EXERCISE MATERIALS:
(* Let $\underline n=(n_1,\dots,n_d)$ be a tuple of positive integers and suppose the knight graph $\mathcal{G}_{\underline n}$ contains a bi-sited Hamiltonian cycle. Let $k\geq 2$ be an integer and $\underline m=(n_1,\dots,n_d,k)$. Then $\mathcal{G}_{\underline m}$ contains a bi-sited Hamiltonian cycle.
   Context: For a tuple $\underline n=(n_1,\dots,n_d)$ of positive integers, the board is $\mathcal{B}_{\underline n}=\{1,\dots,n_1\}\times\cdots\times\{1,\dots,n_d\}$. Let $\mathcal{C}_d$ be the set of vectors in $\mathbb{Z}^d$ with exactly one coordinate in $\{\pm1\}$, exactly one coordinate in $\{\pm2\}$ and all other coordinates $0$ (knight moves). The knight graph $\mathcal{G}_{\underline n}$ has vertex set $\mathcal{B}_{\underline n}$, with $a,b$ adjacent iff $a-b\in\mathcal{C}_d$. Let $e_1,\dots,e_d$ be the standard basis of $\mathbb{R}^d$. For $c\in\mathcal{C}_d$ let $e_{[c,1]}$ (resp. $e_{[c,2]}$) be the standard basis vector of the coordinate where $c$ has entry $\pm1$ (resp. $\pm2$), and let $\tilde c=-\langle c,e_{[c,1]}\rangle e_{[c,1]}+\langle c,e_{[c,2]}\rangle e_{[c,2]}$ (i.e. $c$ with the sign of its $\pm1$ entry flipped). Let $(a^i)_{i\in I}$, $I=\{1,\dots,N\}$, be a Hamiltonian cycle, indices taken modulo $N$. A quadruple built from two edges $\{a^n,a^{n+1}\}$, $\{a^m,a^{m+1}\}$ of the cycle is a \emph{site} if for some $c\in\mathcal{C}_d$ and some $i$ one of the following holds: (wopp) $a^{n+1}=a^n+c$, $a^m=a^{m+1}+c$, and $a^m-a^{n+1}=a^{m+1}-a^n\in\{\pm2e_i\}$; (nwopp) $a^{n+1}=a^n+c$, $a^{m+1}=a^m+c$, and $a^m-a^n=a^{m+1}-a^{n+1}\in\{\pm2e_i\}$; (wocp) $a^{n+1}=a^n+c$, $a^{m+1}=a^m+\tilde c$, and $a^m-a^n=\langle c,e_{[c,1]}\rangle e_{[c,1]}$; (nwocp) $a^{n+1}=a^n+c$, $a^m=a^{m+1}+\tilde c$, and $a^{m+1}-a^n=\langle c,e_{[c,1]}\rangle e_{[c,1]}$. The support of the site is $\{a^n,a^{n+1},a^m,a^{m+1}\}$. A Hamiltonian cycle is \emph{bi-sited} if it contains two sites whose supports are disjoint (the endpoints of the four edges are pairwise distinct). *)

theory Defs
  imports Main
begin

text \<open>Points of Z^d are represented as integer lists of length d; a tuple
  (n_1,...,n_d) is a list of naturals.\<close>

definition board :: "nat list \<Rightarrow> int list set" where
  "board ns = {a. length a = length ns \<and>
      (\<forall>i<length ns. 1 \<le> a ! i \<and> a ! i \<le> int (ns ! i))}"

definition vadd :: "int list \<Rightarrow> int list \<Rightarrow> int list" where
  "vadd u v = map2 (+) u v"

definition vsub :: "int list \<Rightarrow> int list \<Rightarrow> int list" where
  "vsub u v = map2 (-) u v"

definition unitv :: "nat \<Rightarrow> nat \<Rightarrow> int list" where
  "unitv d i = map (\<lambda>l. if l = i then 1 else 0) [0..<d]"

definition knight_moves :: "nat \<Rightarrow> int list set" where
  "knight_moves d = {c. length c = d \<and>
      (\<exists>i<d. \<exists>j<d. i \<noteq> j \<and> \<bar>c ! i\<bar> = 1 \<and> \<bar>c ! j\<bar> = 2 \<and>
         (\<forall>l<d. l \<noteq> i \<longrightarrow> l \<noteq> j \<longrightarrow> c ! l = 0))}"

definition knight_adj :: "nat list \<Rightarrow> int list \<Rightarrow> int list \<Rightarrow> bool" where
  "knight_adj ns a b \<longleftrightarrow> a \<in> board ns \<and> b \<in> board ns \<and>
      vsub a b \<in> knight_moves (length ns)"

definition ctilde :: "int list \<Rightarrow> int list" where
  "ctilde c = map (\<lambda>x. if \<bar>x\<bar> = 1 then - x else x) c"

definition cpart1 :: "int list \<Rightarrow> int list" where
  "cpart1 c = map (\<lambda>x. if \<bar>x\<bar> = 1 then x else 0) c"

definition ham_cycle :: "nat list \<Rightarrow> int list list \<Rightarrow> bool" where
  "ham_cycle ns cyc \<longleftrightarrow> length cyc \<ge> 3 \<and> distinct cyc \<and> set cyc = board ns \<and>
     (\<forall>i<length cyc. knight_adj ns (cyc ! i) (cyc ! ((i + 1) mod length cyc)))"

definition cyc_at :: "int list list \<Rightarrow> nat \<Rightarrow> int list" where
  "cyc_at cyc i = cyc ! (i mod length cyc)"

definition is_site :: "nat list \<Rightarrow> int list list \<Rightarrow> nat \<Rightarrow> nat \<Rightarrow> bool" where
  "is_site ns cyc n m \<longleftrightarrow>
    (let d = length ns; an = cyc_at cyc n; an1 = cyc_at cyc (n + 1);
         am = cyc_at cyc m; am1 = cyc_at cyc (m + 1) in
     \<exists>c \<in> knight_moves d. \<exists>i<d.
       (an1 = vadd an c \<and> am = vadd am1 c \<and> vsub am an1 = vsub am1 an \<and>
          (vsub am an1 = map ((*) 2) (unitv d i) \<or> vsub am an1 = map ((*) (-2)) (unitv d i)))
     \<or> (an1 = vadd an c \<and> am1 = vadd am c \<and> vsub am an = vsub am1 an1 \<and>
          (vsub am an = map ((*) 2) (unitv d i) \<or> vsub am an = map ((*) (-2)) (unitv d i)))
     \<or> (an1 = vadd an c \<and> am1 = vadd am (ctilde c) \<and> vsub am an = cpart1 c)
     \<or> (an1 = vadd an c \<and> am = vadd am1 (ctilde c) \<and> vsub am1 an = cpart1 c))"

definition site_support :: "int list list \<Rightarrow> nat \<Rightarrow> nat \<Rightarrow> int list set" where
  "site_support cyc n m = {cyc_at cyc n, cyc_at cyc (n + 1), cyc_at cyc m, cyc_at cyc (m + 1)}"

definition bisited :: "nat list \<Rightarrow> int list list \<Rightarrow> bool" where
  "bisited ns cyc \<longleftrightarrow> (\<exists>n1 m1 n2 m2. is_site ns cyc n1 m1 \<and> is_site ns cyc n2 m2 \<and>
     distinct [cyc_at cyc n1, cyc_at cyc (n1 + 1), cyc_at cyc m1, cyc_at cyc (m1 + 1),
               cyc_at cyc n2, cyc_at cyc (n2 + 1), cyc_at cyc m2, cyc_at cyc (m2 + 1)])"

definition has_bisited_ham_cycle :: "nat list \<Rightarrow> bool" where
  "has_bisited_ham_cycle ns \<longleftrightarrow> (\<exists>cyc. ham_cycle ns cyc \<and> bisited ns cyc)"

PROBLEM:
Nothing but the lines from the one holding "distinct [cyc_at cyc" to the end of the entries should be output, each exactly as it appears.

EXERCISE RESPONSE:
     distinct [cyc_at cyc n1, cyc_at cyc (n1 + 1), cyc_at cyc m1, cyc_at cyc (m1 + 1),
               cyc_at cyc n2, cyc_at cyc (n2 + 1), cyc_at cyc m2, cyc_at cyc (m2 + 1)])"

definition has_bisited_ham_cycle :: "nat list \<Rightarrow> bool" where
  "has_bisited_ham_cycle ns \<longleftrightarrow> (\<exists>cyc. ham_cycle ns cyc \<and> bisited ns cyc)"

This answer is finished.